▶ What is expected
List each line of the data that holds the string "rule", please.

▶ The data
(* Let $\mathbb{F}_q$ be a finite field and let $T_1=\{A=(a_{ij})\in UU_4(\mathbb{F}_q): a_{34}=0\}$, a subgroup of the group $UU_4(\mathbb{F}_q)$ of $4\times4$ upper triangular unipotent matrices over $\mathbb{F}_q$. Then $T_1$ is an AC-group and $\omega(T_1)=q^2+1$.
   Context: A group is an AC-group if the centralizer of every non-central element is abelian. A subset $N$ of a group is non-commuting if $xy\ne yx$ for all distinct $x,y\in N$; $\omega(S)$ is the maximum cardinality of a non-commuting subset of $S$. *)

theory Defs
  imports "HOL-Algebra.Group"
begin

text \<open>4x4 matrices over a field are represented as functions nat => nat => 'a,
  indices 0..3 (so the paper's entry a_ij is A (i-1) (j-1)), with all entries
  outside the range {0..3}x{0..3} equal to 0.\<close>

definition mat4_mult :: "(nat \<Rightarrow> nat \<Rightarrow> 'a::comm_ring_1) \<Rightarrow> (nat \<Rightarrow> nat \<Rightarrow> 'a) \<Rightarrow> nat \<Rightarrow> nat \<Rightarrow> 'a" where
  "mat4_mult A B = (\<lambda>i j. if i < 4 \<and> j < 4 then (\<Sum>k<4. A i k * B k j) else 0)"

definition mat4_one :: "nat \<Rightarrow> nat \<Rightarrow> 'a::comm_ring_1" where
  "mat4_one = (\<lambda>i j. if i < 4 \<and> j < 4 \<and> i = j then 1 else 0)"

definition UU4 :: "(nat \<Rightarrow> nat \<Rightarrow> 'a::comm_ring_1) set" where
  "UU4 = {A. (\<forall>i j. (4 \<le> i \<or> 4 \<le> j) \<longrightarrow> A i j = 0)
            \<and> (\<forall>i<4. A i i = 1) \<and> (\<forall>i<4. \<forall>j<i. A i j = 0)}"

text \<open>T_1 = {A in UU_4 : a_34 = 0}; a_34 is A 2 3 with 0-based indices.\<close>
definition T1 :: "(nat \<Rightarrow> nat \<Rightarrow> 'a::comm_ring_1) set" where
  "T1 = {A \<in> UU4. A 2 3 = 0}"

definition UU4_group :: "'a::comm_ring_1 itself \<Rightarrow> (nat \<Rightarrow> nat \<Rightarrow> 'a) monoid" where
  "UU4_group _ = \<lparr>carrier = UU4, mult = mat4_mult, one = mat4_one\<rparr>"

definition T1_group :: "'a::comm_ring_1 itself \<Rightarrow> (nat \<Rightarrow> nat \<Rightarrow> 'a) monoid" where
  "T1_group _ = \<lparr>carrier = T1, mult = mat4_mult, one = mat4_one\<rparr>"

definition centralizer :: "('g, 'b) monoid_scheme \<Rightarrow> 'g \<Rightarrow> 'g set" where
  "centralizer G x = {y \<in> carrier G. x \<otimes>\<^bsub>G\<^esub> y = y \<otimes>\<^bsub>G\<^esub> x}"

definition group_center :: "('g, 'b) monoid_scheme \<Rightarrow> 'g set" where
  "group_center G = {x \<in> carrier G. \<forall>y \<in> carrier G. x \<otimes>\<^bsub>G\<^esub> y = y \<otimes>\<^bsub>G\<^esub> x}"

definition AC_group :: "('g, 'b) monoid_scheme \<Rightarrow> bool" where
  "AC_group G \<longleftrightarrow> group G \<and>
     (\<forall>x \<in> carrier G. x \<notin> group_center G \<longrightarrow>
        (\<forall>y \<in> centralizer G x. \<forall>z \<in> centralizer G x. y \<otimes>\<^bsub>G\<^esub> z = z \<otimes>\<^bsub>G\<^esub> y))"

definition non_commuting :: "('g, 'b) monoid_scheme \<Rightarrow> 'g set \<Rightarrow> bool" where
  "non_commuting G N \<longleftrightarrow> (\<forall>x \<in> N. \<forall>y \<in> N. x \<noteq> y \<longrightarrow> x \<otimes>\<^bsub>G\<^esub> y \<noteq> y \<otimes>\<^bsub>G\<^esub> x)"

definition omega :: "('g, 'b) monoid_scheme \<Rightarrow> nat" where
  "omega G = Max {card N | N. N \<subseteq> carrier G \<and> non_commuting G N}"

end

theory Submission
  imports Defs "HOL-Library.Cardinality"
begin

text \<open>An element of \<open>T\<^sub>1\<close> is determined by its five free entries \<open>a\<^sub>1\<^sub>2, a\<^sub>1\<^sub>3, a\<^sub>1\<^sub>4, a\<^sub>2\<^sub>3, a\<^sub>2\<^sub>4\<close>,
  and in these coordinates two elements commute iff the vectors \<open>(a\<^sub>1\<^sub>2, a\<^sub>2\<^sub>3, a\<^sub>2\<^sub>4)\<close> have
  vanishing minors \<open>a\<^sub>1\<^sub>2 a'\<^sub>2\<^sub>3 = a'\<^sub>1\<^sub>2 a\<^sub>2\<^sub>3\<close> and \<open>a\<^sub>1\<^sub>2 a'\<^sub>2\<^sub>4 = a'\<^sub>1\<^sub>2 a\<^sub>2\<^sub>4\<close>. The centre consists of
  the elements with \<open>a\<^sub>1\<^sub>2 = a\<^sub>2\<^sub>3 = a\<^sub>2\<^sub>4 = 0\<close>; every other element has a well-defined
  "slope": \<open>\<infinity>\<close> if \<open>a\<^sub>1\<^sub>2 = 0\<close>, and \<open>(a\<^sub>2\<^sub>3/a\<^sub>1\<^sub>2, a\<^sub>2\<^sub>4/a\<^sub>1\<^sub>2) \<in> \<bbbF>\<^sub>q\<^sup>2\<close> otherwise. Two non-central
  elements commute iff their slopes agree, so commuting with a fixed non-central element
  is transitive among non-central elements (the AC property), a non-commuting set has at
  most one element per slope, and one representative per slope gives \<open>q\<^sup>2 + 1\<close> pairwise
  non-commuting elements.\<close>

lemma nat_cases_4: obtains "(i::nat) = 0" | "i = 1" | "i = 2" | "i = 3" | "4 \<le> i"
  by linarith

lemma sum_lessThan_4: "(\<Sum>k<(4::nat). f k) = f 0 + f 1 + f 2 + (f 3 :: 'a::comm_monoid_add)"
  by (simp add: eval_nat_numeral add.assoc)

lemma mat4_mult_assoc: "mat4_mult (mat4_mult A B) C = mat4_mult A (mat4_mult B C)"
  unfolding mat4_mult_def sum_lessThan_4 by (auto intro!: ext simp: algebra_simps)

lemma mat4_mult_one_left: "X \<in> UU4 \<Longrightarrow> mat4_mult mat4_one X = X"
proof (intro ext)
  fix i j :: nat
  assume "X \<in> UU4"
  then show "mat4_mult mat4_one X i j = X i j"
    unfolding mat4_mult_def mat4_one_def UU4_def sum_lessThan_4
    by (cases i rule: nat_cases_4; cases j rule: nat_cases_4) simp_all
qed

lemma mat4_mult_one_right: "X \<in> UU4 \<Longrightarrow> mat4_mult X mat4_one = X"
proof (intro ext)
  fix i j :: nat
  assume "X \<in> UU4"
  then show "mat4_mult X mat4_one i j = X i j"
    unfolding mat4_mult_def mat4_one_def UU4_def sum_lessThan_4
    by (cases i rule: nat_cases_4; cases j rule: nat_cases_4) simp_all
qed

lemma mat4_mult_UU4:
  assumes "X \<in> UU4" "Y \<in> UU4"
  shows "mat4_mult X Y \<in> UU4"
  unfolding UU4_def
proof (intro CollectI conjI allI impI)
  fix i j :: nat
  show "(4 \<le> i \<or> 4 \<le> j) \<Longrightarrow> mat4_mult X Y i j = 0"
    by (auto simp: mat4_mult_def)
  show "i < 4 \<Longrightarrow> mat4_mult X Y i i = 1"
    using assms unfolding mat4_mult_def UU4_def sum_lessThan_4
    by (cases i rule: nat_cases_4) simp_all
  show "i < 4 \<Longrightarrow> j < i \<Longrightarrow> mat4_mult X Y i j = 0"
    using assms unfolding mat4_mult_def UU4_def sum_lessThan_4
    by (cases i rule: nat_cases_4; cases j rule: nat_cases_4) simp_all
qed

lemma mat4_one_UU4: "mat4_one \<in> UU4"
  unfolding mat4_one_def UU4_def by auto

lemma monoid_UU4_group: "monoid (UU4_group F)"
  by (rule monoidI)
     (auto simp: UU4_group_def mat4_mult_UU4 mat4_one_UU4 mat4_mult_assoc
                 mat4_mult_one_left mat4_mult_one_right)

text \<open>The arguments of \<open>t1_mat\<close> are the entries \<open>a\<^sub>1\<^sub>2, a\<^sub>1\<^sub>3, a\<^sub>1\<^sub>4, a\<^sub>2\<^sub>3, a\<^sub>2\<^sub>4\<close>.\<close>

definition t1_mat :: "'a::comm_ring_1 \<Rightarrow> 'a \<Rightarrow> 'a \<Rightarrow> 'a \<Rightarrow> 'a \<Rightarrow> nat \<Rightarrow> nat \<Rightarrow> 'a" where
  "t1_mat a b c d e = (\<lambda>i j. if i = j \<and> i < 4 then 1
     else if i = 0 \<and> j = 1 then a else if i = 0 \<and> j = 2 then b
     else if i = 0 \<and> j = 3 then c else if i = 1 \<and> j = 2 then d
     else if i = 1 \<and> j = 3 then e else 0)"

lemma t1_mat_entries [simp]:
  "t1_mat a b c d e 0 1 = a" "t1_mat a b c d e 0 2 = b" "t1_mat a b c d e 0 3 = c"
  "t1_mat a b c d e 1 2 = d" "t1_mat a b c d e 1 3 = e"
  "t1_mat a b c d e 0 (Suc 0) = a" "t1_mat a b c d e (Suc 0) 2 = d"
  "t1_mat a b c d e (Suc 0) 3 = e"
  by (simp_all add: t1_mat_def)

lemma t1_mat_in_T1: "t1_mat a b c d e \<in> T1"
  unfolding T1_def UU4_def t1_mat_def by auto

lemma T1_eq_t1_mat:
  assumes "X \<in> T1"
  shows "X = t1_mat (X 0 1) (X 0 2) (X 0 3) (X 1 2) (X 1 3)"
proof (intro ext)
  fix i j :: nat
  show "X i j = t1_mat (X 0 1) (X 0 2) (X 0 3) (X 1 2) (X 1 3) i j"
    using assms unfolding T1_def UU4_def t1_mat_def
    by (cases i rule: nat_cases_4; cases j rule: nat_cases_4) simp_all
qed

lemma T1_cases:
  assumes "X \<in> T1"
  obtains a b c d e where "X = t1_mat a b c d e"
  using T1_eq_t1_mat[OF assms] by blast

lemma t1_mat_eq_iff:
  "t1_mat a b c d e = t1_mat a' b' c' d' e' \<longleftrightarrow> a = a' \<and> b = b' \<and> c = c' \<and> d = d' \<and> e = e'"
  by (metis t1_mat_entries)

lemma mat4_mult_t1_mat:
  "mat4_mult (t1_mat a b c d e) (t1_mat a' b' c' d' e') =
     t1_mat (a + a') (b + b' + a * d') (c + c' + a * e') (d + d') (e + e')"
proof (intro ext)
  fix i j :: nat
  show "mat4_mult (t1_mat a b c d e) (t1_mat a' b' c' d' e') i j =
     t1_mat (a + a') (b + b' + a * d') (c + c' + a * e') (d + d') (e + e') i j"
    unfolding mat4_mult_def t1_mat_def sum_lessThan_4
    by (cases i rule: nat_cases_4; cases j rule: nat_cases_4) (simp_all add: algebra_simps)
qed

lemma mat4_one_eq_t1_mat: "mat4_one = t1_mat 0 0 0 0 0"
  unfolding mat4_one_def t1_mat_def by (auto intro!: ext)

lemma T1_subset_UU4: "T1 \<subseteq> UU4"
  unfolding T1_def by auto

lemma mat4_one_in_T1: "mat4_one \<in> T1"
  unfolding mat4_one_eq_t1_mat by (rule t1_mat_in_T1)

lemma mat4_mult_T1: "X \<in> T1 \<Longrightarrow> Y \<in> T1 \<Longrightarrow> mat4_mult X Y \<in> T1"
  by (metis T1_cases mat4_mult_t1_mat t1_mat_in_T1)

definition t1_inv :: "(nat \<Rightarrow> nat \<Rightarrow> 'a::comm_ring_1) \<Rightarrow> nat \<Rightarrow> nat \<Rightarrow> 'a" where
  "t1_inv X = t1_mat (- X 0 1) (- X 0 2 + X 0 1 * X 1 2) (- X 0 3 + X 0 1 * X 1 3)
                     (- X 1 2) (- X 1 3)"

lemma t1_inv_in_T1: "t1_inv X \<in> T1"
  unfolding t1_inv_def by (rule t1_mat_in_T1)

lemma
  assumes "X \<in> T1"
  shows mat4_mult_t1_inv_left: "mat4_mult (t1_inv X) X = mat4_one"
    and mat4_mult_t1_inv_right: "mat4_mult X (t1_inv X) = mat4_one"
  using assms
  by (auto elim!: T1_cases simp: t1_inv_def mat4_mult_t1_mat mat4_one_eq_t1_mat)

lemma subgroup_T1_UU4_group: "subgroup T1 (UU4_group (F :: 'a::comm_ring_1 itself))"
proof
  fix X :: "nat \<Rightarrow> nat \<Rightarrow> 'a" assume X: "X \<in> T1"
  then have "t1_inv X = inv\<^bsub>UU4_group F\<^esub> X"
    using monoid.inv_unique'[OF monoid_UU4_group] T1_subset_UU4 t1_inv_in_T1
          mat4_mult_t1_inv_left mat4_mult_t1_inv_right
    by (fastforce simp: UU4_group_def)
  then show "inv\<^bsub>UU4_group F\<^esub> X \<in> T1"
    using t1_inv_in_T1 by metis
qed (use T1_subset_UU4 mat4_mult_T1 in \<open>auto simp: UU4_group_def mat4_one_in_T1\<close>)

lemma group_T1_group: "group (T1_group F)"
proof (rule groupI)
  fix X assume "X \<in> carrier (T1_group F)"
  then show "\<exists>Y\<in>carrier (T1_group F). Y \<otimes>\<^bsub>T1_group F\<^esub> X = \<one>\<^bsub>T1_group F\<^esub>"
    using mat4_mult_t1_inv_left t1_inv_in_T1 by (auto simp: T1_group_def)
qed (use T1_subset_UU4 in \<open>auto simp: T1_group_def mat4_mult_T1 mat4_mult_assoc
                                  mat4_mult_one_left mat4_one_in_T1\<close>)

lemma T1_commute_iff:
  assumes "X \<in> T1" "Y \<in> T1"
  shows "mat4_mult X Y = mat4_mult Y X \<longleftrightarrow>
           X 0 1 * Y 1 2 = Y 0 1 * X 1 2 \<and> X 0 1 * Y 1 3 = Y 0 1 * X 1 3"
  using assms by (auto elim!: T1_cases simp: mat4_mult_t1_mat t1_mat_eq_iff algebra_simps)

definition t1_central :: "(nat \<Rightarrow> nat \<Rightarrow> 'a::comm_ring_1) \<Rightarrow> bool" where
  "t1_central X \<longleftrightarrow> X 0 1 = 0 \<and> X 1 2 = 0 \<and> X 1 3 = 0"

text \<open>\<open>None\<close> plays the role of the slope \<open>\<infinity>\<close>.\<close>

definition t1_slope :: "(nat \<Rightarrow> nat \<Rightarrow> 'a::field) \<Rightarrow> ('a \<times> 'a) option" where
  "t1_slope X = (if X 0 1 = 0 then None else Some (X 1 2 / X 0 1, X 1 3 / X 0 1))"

▶ Answer to this task
    by (cases i rule: nat_cases_4; cases j rule: nat_cases_4) simp_all
    by (cases i rule: nat_cases_4; cases j rule: nat_cases_4) simp_all
    by (cases i rule: nat_cases_4) simp_all
    by (cases i rule: nat_cases_4; cases j rule: nat_cases_4) simp_all
  by (rule monoidI)
    by (cases i rule: nat_cases_4; cases j rule: nat_cases_4) simp_all
    by (cases i rule: nat_cases_4; cases j rule: nat_cases_4) (simp_all add: algebra_simps)
  unfolding mat4_one_eq_t1_mat by (rule t1_mat_in_T1)
  unfolding t1_inv_def by (rule t1_mat_in_T1)
proof (rule groupI)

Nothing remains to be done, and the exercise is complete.